Дэмьен окаменел. Его поймали в ловушку! Но как, как они могли это сделать, как могли угадать, куда именно побежит лисица? Однако времени на размышления не оставалось. С обеих сторон к нему приближались вооруженные кинжалами монахи.

Вглядевшись в лицо старца, Дэмьен отметил, что на губах его играет победная улыбка. Всадник и лошадь были не дальше, чем в десяти ярдах от него, когда Дэмьен перевел взгляд на кобылу и пристально, не мигая, стал смотреть в глаза лошади. Он нарисовал в воображении страшный финал погони шакалов за лошадью: вот они настигают ее, впиваются зубами в ляжку, виснут на боках до тех пор, пока она не падает на колени. Ноги лошади изодраны в клочья, а шакалы яростно рвутся к животу, выгрызают куски мяса, терзают внутренности. Лошадь бьется от боли, угасающим взглядом обводя тварей с окровавленными пастями, пожирающими ее живую плоть…

Кобыла под Антонио вдруг резко остановилась, не реагируя ни на поводья, ни на шпоры. Глаза ее расширились от ужаса, она замотала головой из стороны в сторону, но не смогла избавиться от пронзительного взгляда Дэмьена. Внезапно кобыла взвилась на дыбы и сбросила Антонио прямо на парапет. Лишь мгновение его тело удерживалось на парапете, а затем сорвалось вниз. Бессильно взлетели и опустились руки, из горла вырвался протяжный крик, оборвавшийся на дне ущелья.

Дэмьен резко обернулся. Молодой монах стоял в нескольких шагах от него. Лицо его побелело от ужаса, когда он взглянул через парапет на дно ущелья. Но монах быстро совладал с собой и, сжав кинжал, стал медленно приближаться к Дэмьену. Дэмьен не сдвинулся с места. Он просто перевел взгляд на самую большую собаку и стал смотреть ей прямо в глаза…

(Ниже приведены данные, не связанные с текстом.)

lemma integrable_weighted:
  assumes s: "mass_weight M i s" and g: "bcont g"
  shows "integrable M (\<lambda>Y. s Y * (\<integral>x. g x \<partial>(Y i)))"
proof -
  obtain B where B: "\<And>x. \<bar>g x\<bar> \<le> B" "B \<ge> 0" using bcont_bound[OF g] by blast
  show ?thesis
  proof (rule Bochner_Integration.integrable_bound)
    show "integrable M (\<lambda>Y. B * (s Y * measure (Y i) UNIV))" using s by (simp add: mass_weight_def)
    show "(\<lambda>Y. s Y * (\<integral>x. g x \<partial>(Y i))) \<in> borel_measurable M"
      using s measurable_coordinate_integral[OF sets_M g coordinate]
      unfolding mass_weight_def by (intro borel_measurable_times) auto
    show "AE Y in M. norm (s Y * (\<integral>x. g x \<partial>(Y i))) \<le> norm (B * (s Y * measure (Y i) UNIV))"
    proof (rule AE_I2)
      fix Y assume "Y \<in> space M"
      then have "\<bar>\<integral>x. g x \<partial>(Y i)\<bar> \<le> B * measure (Y i) UNIV"
        by (intro abs_integral_bcont_le[OF g coordinate_MF B(1)])
      then have "\<bar>s Y\<bar> * \<bar>\<integral>x. g x \<partial>(Y i)\<bar> \<le> B * (\<bar>s Y\<bar> * measure (Y i) UNIV)"
        by (metis abs_ge_zero mult.left_commute mult_left_mono)
      then show "norm (s Y * (\<integral>x. g x \<partial>(Y i))) \<le> norm (B * (s Y * measure (Y i) UNIV))"
        using B(2) by (simp add: abs_mult)
    qed
  qed
qed

lemma weighted_integral_diff_fun:
  assumes "mass_weight M i s" "bcont g" "bcont h"
  shows "weighted_integral M s i (\<lambda>x. g x - h x) = weighted_integral M s i g - weighted_integral M s i h"
proof -
  have "weighted_integral M s i (\<lambda>x. g x - h x)
      = (\<integral>Y. s Y * (\<integral>x. g x \<partial>(Y i)) - s Y * (\<integral>x. h x \<partial>(Y i)) \<partial>M)"
    unfolding weighted_integral_def using coordinate_MF assms(2,3)
    by (intro Bochner_Integration.integral_cong)
       (simp_all add: Bochner_Integration.integral_diff bcont_integrable right_diff_distrib)
  also have "\<dots> = weighted_integral M s i g - weighted_integral M s i h"
    unfolding weighted_integral_def using assms by (intro Bochner_Integration.integral_diff integrable_weighted)
  finally show ?thesis .
qed

lemma weighted_integral_diff_weight:
  assumes "mass_weight M i s" "mass_weight M i s'" "bcont g"
  shows "weighted_integral M (\<lambda>Y. s Y - s' Y) i g = weighted_integral M s i g - weighted_integral M s' i g"
  unfolding weighted_integral_def left_diff_distrib
  using assms by (intro Bochner_Integration.integral_diff integrable_weighted)

lemma weighted_mean_eq_weighted_integral:
  assumes s: "mass_weight M i s" "\<And>Y. s Y \<ge> 0" and g: "bcont g" "\<And>x. g x \<ge> 0"
  shows "weighted_mean M (\<lambda>Y. ennreal (s Y)) i (\<lambda>x. ennreal (g x)) = ennreal (weighted_integral M s i g)"
proof -
  have "weighted_mean M (\<lambda>Y. ennreal (s Y)) i (\<lambda>x. ennreal (g x))
      = (\<integral>\<^sup>+Y. ennreal (s Y * (\<integral>x. g x \<partial>(Y i))) \<partial>M)"
    unfolding weighted_mean_def
  proof (rule nn_integral_cong)
    fix Y assume "Y \<in> space M"
    then have "(\<integral>\<^sup>+x. ennreal (g x) \<partial>(Y i)) = ennreal (\<integral>x. g x \<partial>(Y i))"
      using g by (intro nn_integral_eq_integral bcont_integrable coordinate_MF) auto
    then show "ennreal (s Y) * (\<integral>\<^sup>+x. ennreal (g x) \<partial>(Y i)) = ennreal (s Y * (\<integral>x. g x \<partial>(Y i)))"
      using s(2) g(2) by (simp add: ennreal_mult)
  qed
  also have "\<dots> = ennreal (weighted_integral M s i g)"
    unfolding weighted_integral_def using s g
    by (intro nn_integral_eq_integral integrable_weighted) auto
  finally show ?thesis .
qed

lemma weighted_integral_complex:
  assumes s: "mass_weight M i s" and f: "cbcont f"
  shows "(\<integral>Y. complex_of_real (s Y) * (\<integral>x. f x \<partial>(Y i)) \<partial>M)
     = complex_of_real (weighted_integral M s i (\<lambda>x. Re (f x)))
       + \<i> * complex_of_real (weighted_integral M s i (\<lambda>x. Im (f x)))"
proof -
  have re: "integrable M (\<lambda>Y. complex_of_real (s Y * (\<integral>x. Re (f x) \<partial>(Y i))))"
    and im: "integrable M (\<lambda>Y. \<i> * complex_of_real (s Y * (\<integral>x. Im (f x) \<partial>(Y i))))"
    using integrable_weighted[OF s cbcont_Re[OF f]] integrable_weighted[OF s cbcont_Im[OF f]]
    by (simp_all only: integrable_of_real integrable_mult_right)
  have "(\<integral>Y. complex_of_real (s Y) * (\<integral>x. f x \<partial>(Y i)) \<partial>M)
      = (\<integral>Y. complex_of_real (s Y * (\<integral>x. Re (f x) \<partial>(Y i)))
              + \<i> * complex_of_real (s Y * (\<integral>x. Im (f x) \<partial>(Y i))) \<partial>M)"
    using coordinate_MF
    by (intro Bochner_Integration.integral_cong) (simp_all add: cbcont_integral(2)[OF f] algebra_simps)
  also have "\<dots> = complex_of_real (weighted_integral M s i (\<lambda>x. Re (f x)))
       + \<i> * complex_of_real (weighted_integral M s i (\<lambda>x. Im (f x)))"
    unfolding weighted_integral_def Bochner_Integration.integral_add[OF re im]
      integral_mult_right_zero integral_complex_of_real ..
  finally show ?thesis .
qed

end

lemma weighted_integral_nonneg: "(\<And>Y. s Y \<ge> 0) \<Longrightarrow> (\<And>x. g x \<ge> 0) \<Longrightarrow> weighted_integral M s i g \<ge> 0"
  unfolding weighted_integral_def by (auto intro!: integral_nonneg_AE AE_I2)

locale mixture_weights = M: coordinate_space M l i + M': coordinate_space M' l i
  for M M' :: "(nat \<Rightarrow> 'a::euclidean_space measure) measure" and l i :: nat +
  fixes r r' :: "(nat \<Rightarrow> 'a measure) \<Rightarrow> real"
  assumes r: "mass_weight M i r" "\<And>Y. r Y \<ge> 0"
    and r': "mass_weight M' i r'" "\<And>Y. r' Y \<ge> 0"
begin

sublocale two_weighted_coordinates M M' l i "\<lambda>Y. ennreal (r Y)" "\<lambda>Y. ennreal (r' Y)"
  using r(1) r'(1) M.sets_M M'.sets_M M.coordinate
  by unfold_locales (auto simp: mass_weight_def)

Однако теперь перед его мысленным взором проносились совершенно иные видения. Собака, как завороженная, не сводила с Дэмьена сузившихся глаз. Она наклонила голову набок и тяжело дышала. Всего несколько секунд стояла она замерев, потом медленно повернулась. Симеон находился в шаге от нее. Собака стремительно прыгнула на монаха, пытаясь вцепиться ему прямо в горло, но промахнулась и ухватила его за плечо, вырвав клок одежды. Симеон выронил кинжал, отступил назад и в полнейшем недоумении посмотрел на кровь, сочившуюся из раны. Он коснулся плеча и нахмурился. Несколько мгновений все стояли молча, застыв, как на картине: двое мужчин и собака. И тут второй пес бросился на спину Симеону. Собака когтями вцепилась в одежду, зубы ее лязгали. Она пыталась ухватить монаха за шею. Симеон рванулся, и пес, сильно ударившись о парапет, взвыл от боли. Но вот уже третья собака набросилась на монаха, а за ней и четвертая. Пинаясь и расшвыривая гончих, Симеон схватил одну из них за горло и сдавил ей морду. Тут же, снизу, ему на грудь прыгнула еще одна собака. Симеон споткнулся и, неловко расставив руки, упал. Свора собак мгновенно облепила монаха, и крик его внезапно оборвался.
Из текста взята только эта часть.